The quiet words broke Ivy’s heart. Taking courage from his earlier startling act, she grazed her fingertips over his gauntlet. It was a hard, cold carapace, but it was part of him. “Trust me.”

He didn’t break the violently intimate eye contact. “It’s too late for me, Ivy. Focus your energies on the ones you can save.”

Ivy didn’t say anything when he rose, her fingers sliding off the gauntlet.
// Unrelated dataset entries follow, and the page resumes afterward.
lemma av_nonneg[simp]: "av x \<ge> 0"
  by (cases "x = 0") (auto dest: av_pos)
lemma av_eq_0[simp]: "av x = 0 \<longleftrightarrow> x = 0"
  using av_pos by fastforce
lemma av_unif_pos[simp]: "av w > 0" using av_pos by simp
lemma av_1[simp]: "av 1 = 1"
proof -
  have "av 1 = av 1 * av 1" using av_mult[of 1 1] by simp
  moreover have "av 1 > 0" using av_pos[of 1] by simp
  ultimately show ?thesis by simp
qed
lemma av_minus_1[simp]: "av (-1) = 1"
proof -
  have "av (-1) * av (-1) = 1" using av_mult[of "-1" "-1"] by simp
  moreover have "av (-1) \<ge> 0" by simp
  ultimately show ?thesis by (metis abs_of_nonneg abs_square_eq_1 power2_eq_square)
qed
lemma av_uminus[simp]: "av (- x) = av x"
  using av_mult[of "-1" x] by simp
lemma av_commute: "av (x - y) = av (y - x)"
  by (metis av_uminus minus_diff_eq)
lemma av_diff: "av (x - y) \<le> max (av x) (av y)"
  using av_ultra[of x "-y"] by simp
lemma av_inverse: "av (inverse x) = inverse (av x)"
proof (cases "x = 0")
  case False
  then have "av x * av (inverse x) = 1" using av_mult[of x "inverse x"] by simp
  from inverse_unique[OF this] show ?thesis by simp
qed simp
lemma av_divide: "av (x / y) = av x / av y"
  by (simp add: divide_inverse av_mult av_inverse)
lemma av_powi: "av (w powi k) = av w powi k"
proof -
  have p: "av (x ^ n) = av x ^ n" for x n by (induction n) (auto simp: av_mult)
  show ?thesis
    by (cases "k \<ge> 0") (auto simp: power_int_def p av_inverse power_inverse)
qed
lemma av_sum_le: "finite A \<Longrightarrow> r \<ge> 0 \<Longrightarrow> (\<And>i. i \<in> A \<Longrightarrow> av (f i) \<le> r) \<Longrightarrow> av (sum f A) \<le> r"
proof (induction A rule: finite_induct)
  case (insert a A)
  have h1: "av (sum f A) \<le> r" "av (f a) \<le> r" using insert by auto
  have "av (f a + sum f A) \<le> max (av (f a)) (av (sum f A))" by (rule av_ultra)
  also have "\<dots> \<le> r" using h1 by simp
  finally show ?case using insert by simp
qed simp
lemma av_add_dominant: "av y < av x \<Longrightarrow> av (x + y) = av x"
proof -
  assume a: "av y < av x"
  have "av (x + y) \<le> av x" using av_ultra[of x y] a by simp
  moreover have "av x \<le> max (av (x + y)) (av y)" using av_ultra[of "x + y" "-y"] by simp
  ultimately show ?thesis using a by linarith
qed
lemma dist_gdir: "dist (gdir a) (gdir b) = 2 * \<bar>sin ((a - b) / 2)\<bar>"
proof -
  have "cos a - cos b = - 2 * sin ((a + b) / 2) * sin ((a - b) / 2)"
  proof -
    have "sin ((b - a) / 2) = - sin ((a - b) / 2)"
      by (metis minus_diff_eq minus_divide_left sin_minus)
    then show ?thesis using cos_diff_cos[of a b] by simp
  qed
  moreover have "sin a - sin b = 2 * sin ((a - b) / 2) * cos ((a + b) / 2)"
    by (rule sin_diff_sin)
  moreover have "(dist (gdir a) (gdir b))^2 = (cos a - cos b)^2 + (sin a - sin b)^2"
    unfolding dist_norm power2_norm_eq_inner inner_vec_def sum_2 by (simp add: gdir_def power2_eq_square)
  ultimately have "(dist (gdir a) (gdir b))^2 = (2 * sin ((a - b) / 2))^2"
    using sin_cos_squared_add[of "(a + b) / 2"] by algebra
  then have "dist (gdir a) (gdir b) = \<bar>2 * sin ((a - b) / 2)\<bar>"
    by (metis abs_of_nonneg real_sqrt_abs zero_le_dist)
  then show ?thesis by (simp add: abs_mult)
qed

lemma dist_gdir_le: "dist (gdir a) (gdir b) \<le> \<bar>a - b\<bar>"
  using abs_sin_x_le_abs_x[of "(a - b) / 2"] by (simp add: dist_gdir)

text \<open>\<open>rss_gain r h\<close> is the factor \<open>r\<^sup>2 / d\<^sup>4\<close> of the Fisher information, written in terms of the
  horizontal distance \<open>r\<close> and the height \<open>h\<close>, since \<open>d\<^sup>2 = r\<^sup>2 + h\<^sup>2\<close>.\<close>

definition rss_gain :: "real \<Rightarrow> real \<Rightarrow> real" where
  "rss_gain r h = r^2 / (r^2 + h^2)^2"
lemma TI_mate_closed:
  assumes "b \<in> TI" "b \<in> F" "(a, b) \<in> M"
  shows "a \<in> TI"
proof -
  obtain p where p: "alternating_path E M p" "hd p \<in> unmatched V M" "last p = b"
    using assms(1) unfolding alt_reach_def by blast
  have "hd p \<in> V" using p(2) by (simp add: unmatched_def)
  then have "odd (length p - 1)"
    using alternating_path_last[OF p(1)] p(3) assms(2) sides_disjoint by (auto split: if_splits)
  show ?thesis
  proof (cases "a \<in> set p")
    case True
    then show ?thesis using alt_reach_nth[OF p(1,2)] by (auto simp: in_set_conv_nth)
  next
    case False
    then show ?thesis
      using alt_reach_snoc[OF p(1,2) False] assms(3) matching_subset_edges p(3)
        \<open>odd (length p - 1)\<close> by (auto simp: adjacent_def)
  qed
qed

lemma TI_F_has_neighbour:
  assumes "b \<in> TI" "b \<in> F"
  obtains a where "a \<in> TI" "a \<in> V" "(a, b) \<in> E"
proof -
  obtain p where p: "alternating_path E M p" "hd p \<in> unmatched V M" "last p = b"
    using assms(1) unfolding alt_reach_def by blast
  have hd: "hd p \<in> V" using p(2) by (simp add: unmatched_def)
  then have "odd (length p - 1)"
    using alternating_path_last[OF p(1)] p(3) assms(2) sides_disjoint by (auto split: if_splits)
  define k where "k = length p - 2"
  have k: "Suc k = length p - 1" "even k" "Suc k < length p"
    using \<open>odd (length p - 1)\<close> unfolding k_def by presburger+
  have "p ! k \<in> V" using alternating_path_sides[OF p(1) hd, of k] k by simp
  moreover have "p ! k \<in> TI" using alt_reach_nth[OF p(1,2), of k] k by simp
  moreover have "adjacent E (p ! k) (p ! Suc k)" using alternating_pathD(1)[OF p(1) k(3)] .
  moreover have "p ! Suc k = b" using k p(1,3) by (simp add: alternating_path_iff last_conv_nth)
  ultimately show ?thesis using that adjacent_from_V[OF subset_refl] by blast
qed

end

section \<open>Augmenting paths\<close>

locale augmenting_path = bipartite_matching +
  fixes p :: "'a list"
  assumes path: "alternating_path E M p"
    and starts_unmatched: "hd p \<in> unmatched V M" and ends_unmatched: "last p \<in> unmatched F M"
begin

definition half_length :: nat where
  "half_length = length p div 2"

lemma path_nonempty: "p \<noteq> []"
  using path by (simp add: alternating_path_iff)

lemma hd_in_V: "hd p \<in> V"
  using starts_unmatched by (simp add: unmatched_def)

lemma length_eq: "length p = 2 * half_length" "0 < half_length"
proof -
  have "odd (length p - 1)"
    using alternating_path_last[OF path hd_in_V] ends_unmatched sides_disjoint
    by (auto simp: unmatched_def split: if_splits)
  then show "length p = 2 * half_length" "0 < half_length"
    using path_nonempty unfolding half_length_def by presburger+
qed

lemma nth_eq_iff: "i < length p \<Longrightarrow> j < length p \<Longrightarrow> p ! i = p ! j \<longleftrightarrow> i = j"
  using nth_eq_iff_index_eq path by (auto simp: alternating_path_iff)

definition path_edge :: "nat \<Rightarrow> 'a \<times> 'a" where
  "path_edge i = (if even i then (p ! i, p ! Suc i) else (p ! Suc i, p ! i))"

lemma path_edge: "Suc i < length p \<Longrightarrow> path_edge i \<in> E \<and> (path_edge i \<in> M \<longleftrightarrow> odd i)"
proof -
  assume i: "Suc i < length p"
  have side: "p ! i \<in> (if even i then V else F)"
    using alternating_path_sides[OF path hd_in_V, of i] i by simp
  note edge = alternating_pathD[OF path i]
  show ?thesis
  proof (cases "even i")
    case True
    then show ?thesis
      using side edge adjacent_from_V[OF subset_refl, of "p ! i" "p ! Suc i"]
        adjacent_from_V[OF matching_subset_edges, of "p ! i" "p ! Suc i"]
      by (auto simp: path_edge_def adjacent_def)
  next
    case False
    then show ?thesis
      using side edge adjacent_from_F[OF subset_refl, of "p ! i" "p ! Suc i"]
        adjacent_from_F[OF matching_subset_edges, of "p ! i" "p ! Suc i"]
      by (auto simp: path_edge_def adjacent_def)
  qed
qed

definition entering :: "('a \<times> 'a) set" where
  "entering = (\<lambda>j. path_edge (2 * j)) ` {..<half_length}"

definition leaving :: "('a \<times> 'a) set" where
  "leaving = (\<lambda>j. path_edge (2 * j + 1)) ` {..<half_length - 1}"

definition augmented :: "('a \<times> 'a) set" where
  "augmented = (M - leaving) \<union> entering"

lemma entering_subset: "entering \<subseteq> E" "entering \<inter> M = {}"
proof -
  have "path_edge (2 * j) \<in> E \<and> path_edge (2 * j) \<notin> M" if "j < half_length" for j
    using path_edge[of "2 * j"] that length_eq by simp
  then show "entering \<subseteq> E" "entering \<inter> M = {}" unfolding entering_def by auto
qed

lemma leaving_subset: "leaving \<subseteq> M"
proof -
  have "path_edge (2 * j + 1) \<in> M" if "j < half_length - 1" for j
    using path_edge[of "2 * j + 1"] that length_eq by simp
  then show ?thesis unfolding leaving_def by auto
qed

lemma entering_elem:
  "x \<in> entering \<Longrightarrow> \<exists>j<half_length. x = (p ! (2 * j), p ! (2 * j + 1))"
  unfolding entering_def path_edge_def by auto

lemma card_entering: "card entering = half_length"
proof -
  have "inj_on (\<lambda>j. path_edge (2 * j)) {..<half_length}"
  proof (rule inj_onI)
    fix i j assume "i \<in> {..<half_length}" "j \<in> {..<half_length}" "path_edge (2 * i) = path_edge (2 * j)"
    then show "i = j" using nth_eq_iff[of "2 * i" "2 * j"] length_eq by (auto simp: path_edge_def)
  qed
  then show ?thesis unfolding entering_def by (simp add: card_image)
qed

lemma card_leaving: "card leaving = half_length - 1"
proof -
  have "inj_on (\<lambda>j. path_edge (2 * j + 1)) {..<half_length - 1}"
  proof (rule inj_onI)
    fix i j assume "i \<in> {..<half_length - 1}" "j \<in> {..<half_length - 1}"
      "path_edge (2 * i + 1) = path_edge (2 * j + 1)"
    then show "i = j" using nth_eq_iff[of "2 * i + 1" "2 * j + 1"] length_eq by (auto simp: path_edge_def)
  qed
  then show ?thesis unfolding leaving_def by (simp add: card_image)
qed

lemma matched_at_V_vertex:
  assumes "(x, y) \<in> M" "x = p ! (2 * j)" "j < half_length"
  shows "(x, y) \<in> leaving"
proof (cases j)
  case 0
  then show ?thesis using assms starts_unmatched path_nonempty by (auto simp: unmatched_def hd_conv_nth)
next
  case (Suc i)
  then have "path_edge (2 * i + 1) \<in> M" "path_edge (2 * i + 1) = (x, p ! (2 * i + 1))"
    using path_edge[of "2 * i + 1"] assms length_eq by (auto simp: path_edge_def)
  then have "(x, y) = path_edge (2 * i + 1)" using mate_unique_F assms(1) by auto
  then show ?thesis using Suc assms(3) unfolding leaving_def by auto
qed

lemma matched_at_F_vertex:
  assumes "(x, y) \<in> M" "y = p ! (2 * j + 1)" "j < half_length"
  shows "(x, y) \<in> leaving"
proof (cases "j = half_length - 1")
  case True
  then have "2 * j + 1 = length p - 1" using length_eq by simp
  then have "y = last p" using assms(2) path_nonempty by (simp add: last_conv_nth)
  then show ?thesis using assms(1) ends_unmatched by (auto simp: unmatched_def)
next
  case False
  then have "path_edge (2 * j + 1) \<in> M" "path_edge (2 * j + 1) = (p ! (2 * j + 2), y)"
    using path_edge[of "2 * j + 1"] assms length_eq by (auto simp: path_edge_def)
  then have "(x, y) = path_edge (2 * j + 1)" using mate_unique_V assms(1) by auto
  then show ?thesis using False assms(3) unfolding leaving_def by auto
qed

lemma augmented_subset: "augmented \<subseteq> E"
  using entering_subset matching_subset_edges unfolding augmented_def by blast
(* Let $n\in\omega$ and let $\mathcal{F}$ be a fully $\Delta$-capturing construction scheme of type $\langle m_k,n_{k+1},r_{k+1}\rangle_{k\in\omega}$ with $n_{k+1}\geq 2^{m_k}$ for all $k$. With $o_\alpha$ defined as in the context, the set $\mathbb{E}_o=\{o_\alpha:\alpha\in\omega_1\}\subseteq\mathbb{Z}^\omega$, ordered lexicographically, is $(2n+1)$-entangled.
   Context: Construction schemes: a type is a sequence $\langle m_k,n_{k+1},r_{k+1}\rangle_{k\in\omega}$ with $m_0=1$, $n_{k+1}\geq2$, $m_k>r_{k+1}$, $m_{k+1}=r_{k+1}+(m_k-r_{k+1})n_{k+1}$. A construction scheme of this type is a family $\mathcal{F}$ of nonempty finite subsets of $\omega_1$, cofinal under $\subseteq$, each member of size $m_k$ for some $k$, such that with $\mathcal{F}_k=\{F\in\mathcal{F}:|F|=m_k\}$: (i) for $E,F\in\mathcal{F}_k$, $E\cap F$ is an initial segment of $E$ and of $F$; (ii) each $F\in\mathcal{F}_{k+1}$ is $F_0\cup\dots\cup F_{n_{k+1}-1}$ with $F_i\in\mathcal{F}_k$ a $\Delta$-system with root $R(F)$, $|R(F)|=r_{k+1}$, $R(F)<F_0\setminus R(F)<\dots<F_{n_{k+1}-1}\setminus R(F)$. Let $\rho(\alpha,\beta)=\min\{k:\exists F\in\mathcal{F}_k\ \{\alpha,\beta\}\subseteq F\}$, $\|\alpha\|_k=|\{\xi<\alpha:\rho(\alpha,\xi)\leq k\}|$, $\Delta(\alpha,\beta)=$ least $k$ with $\|\alpha\|_k\ne\|\beta\|_k$. $\Xi_\alpha(0)=0$ and for $k\geq1$, for any $F\in\mathcal{F}_k$ containing $\alpha$, $\Xi_\alpha(k)=-1$ if $\alpha\in R(F)$, $=i$ if $\alpha\in F_i\setminus R(F)$. For finite $X\subseteq\omega_1$, $X(i)$ is its $i$-th element. $\langle D_j\rangle_{j<N}\subseteq[\omega_1]^m$ ($N\geq2$) is $\Delta$-captured at level $l$ if it is a $\Delta$-system with root $R$ of size $r$, $R<D_j\setminus R$, tails pairwise $<$-comparable, $\Xi_{D_j(a)}(l)=-1$ for $a<r$ and $=j$ for $a\geq r$, and $\Delta(D_i(a),D_j(a))=l$ for $i\neq j$, $r\leq a<m$. $\mathcal{F}$ is fully $\Delta$-capturing if for every uncountable family $\mathcal{S}$ of finite subsets of $\omega_1$ there are infinitely many $l$ such that some $n_l$ members of $\mathcal{S}$ can be enumerated as a family $\Delta$-captured at level $l$. The functions: for each $k$, let $\langle C^k_i\rangle_{0<i<n_{k+1}}$ enumerate (possibly with repetitions) the set $[m_k\setminus r_{k+1}]^{\leq n}$ of subsets of $m_k\setminus r_{k+1}$ of size at most $n$. For $\alpha<\omega_1$ define $o_\alpha:\omega\to\mathbb{Z}$ by: $o_\alpha(k)=0$ if $\Xi_\alpha(k)\leq0$; $o_\alpha(k)=\Xi_\alpha(k)$ if $\Xi_\alpha(k)>0$ and $\|\alpha\|_{k-1}\in C^{k-1}_{\Xi_\alpha(k)}$; $o_\alpha(k)=-\Xi_\alpha(k)$ if $\Xi_\alpha(k)>0$ and $\|\alpha\|_{k-1}\notin C^{k-1}_{\Xi_\alpha(k)}$. $\mathbb{Z}^\omega$ is ordered by $f<_{lex}g$ iff $f(k)<g(k)$ for the least $k$ with $f(k)\neq g(k)$. For a linear order, an uncountable subset $\mathbb{E}$ is $k$-entangled if for every $\tau:k\to2$ and every uncountable family $\mathcal{A}\subseteq[\mathbb{E}]^k$ of pairwise disjoint sets there are distinct $a,b\in\mathcal{A}$ with $a(i)<b(i)\iff\tau(i)=0$ for all $i<k$. *)

theory Defs
  imports Main "HOL-Library.Countable_Set"
begin
(* Let $W$ be the affine Weyl group of an irreducible reduced crystallographic root system of rank 2, with simple generators $s_0,s_1,s_2$ and $W_0=\langle s_1,s_2\rangle$. Let $H_{r_0},H_{r_1}$ be adjacent parallel hyperplanes ($H_{\alpha,c}$ and $H_{\alpha,c+1}$ for some root $\alpha$, $c\in\mathbb{Z}$) and suppose both the alcove $w\in W$ and the identity alcove lie in the strip between them. Suppose $D_R(w)=\{0,i\}$ with $i\in\{1,2\}$. If $(s_0s_i)^2\neq 1$, then $ws_i$ is the minimal length element of the coset $wW_0$.
   Context: $W$ is generated by the reflections in the lines $H_{\beta,k}=\{v:\langle v,\beta\rangle=k\}$ ($\beta$ a root, $k\in\mathbb{Z}$) in a Euclidean plane; its simple generators $s_0,s_1,s_2$ are the reflections in the walls of the fundamental alcove $A_0$, $s_0$ being the reflection in the wall not through the origin, and $W_0=\langle s_1,s_2\rangle$. Elements are identified with alcoves via $w\mapsto wA_0$. $\ell$ is Coxeter length; $D_R(w)=\{j:\ell(ws_j)<\ell(w)\}$. *)

theory Defs
  imports "HOL-Analysis.Analysis"
begin

type_synonym vec2 = "real ^ 2"

definition root_system :: "vec2 set \<Rightarrow> bool" where
  "root_system R \<longleftrightarrow>
     finite R \<and> 0 \<notin> R \<and> span R = UNIV \<and>
     (\<forall>\<alpha>\<in>R. \<forall>\<beta>\<in>R. \<beta> - (2 * (\<beta> \<bullet> \<alpha>) / (\<alpha> \<bullet> \<alpha>)) *\<^sub>R \<alpha> \<in> R) \<and>
     (\<forall>\<alpha>\<in>R. \<forall>\<beta>\<in>R. 2 * (\<beta> \<bullet> \<alpha>) / (\<alpha> \<bullet> \<alpha>) \<in> \<int>) \<and>
     (\<forall>\<alpha>\<in>R. \<forall>c::real. c *\<^sub>R \<alpha> \<in> R \<longrightarrow> c = 1 \<or> c = -1) \<and>
     \<not> (\<exists>R1 R2. R1 \<noteq> {} \<and> R2 \<noteq> {} \<and> R1 \<union> R2 = R \<and> R1 \<inter> R2 = {} \<and>
                 (\<forall>a\<in>R1. \<forall>b\<in>R2. a \<bullet> b = 0))"

definition hyp :: "vec2 \<Rightarrow> int \<Rightarrow> vec2 set" where
  "hyp \<beta> k = {v. v \<bullet> \<beta> = of_int k}"

definition refl :: "vec2 \<Rightarrow> int \<Rightarrow> vec2 \<Rightarrow> vec2" where
  "refl \<beta> k v = v - ((v \<bullet> \<beta> - of_int k) * (2 / (\<beta> \<bullet> \<beta>))) *\<^sub>R \<beta>"

definition hyperplanes :: "vec2 set \<Rightarrow> vec2 set set" where
  "hyperplanes R = {H. \<exists>\<beta>\<in>R. \<exists>k::int. H = hyp \<beta> k}"

definition alcove :: "vec2 set \<Rightarrow> vec2 set \<Rightarrow> bool" where
  "alcove R A \<longleftrightarrow> A \<in> components (UNIV - \<Union>(hyperplanes R))"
He left without another word, tall and strong and alone as he walked across the clearing. He’d saved her life, was the heart of the psychic shield that protected every E here, would act as a living physical shield for any one of them in a split second.

Yet he expected nothing from her, from the world.

She didn’t know how to get through to him, to tell him he had every right. Because if what she suspected was correct, then the Arrows weren’t only the assassins they so often painted themselves to be, but the last line of defense against the infinite darkness that licked at the edges of the Psy race—might always lick at it.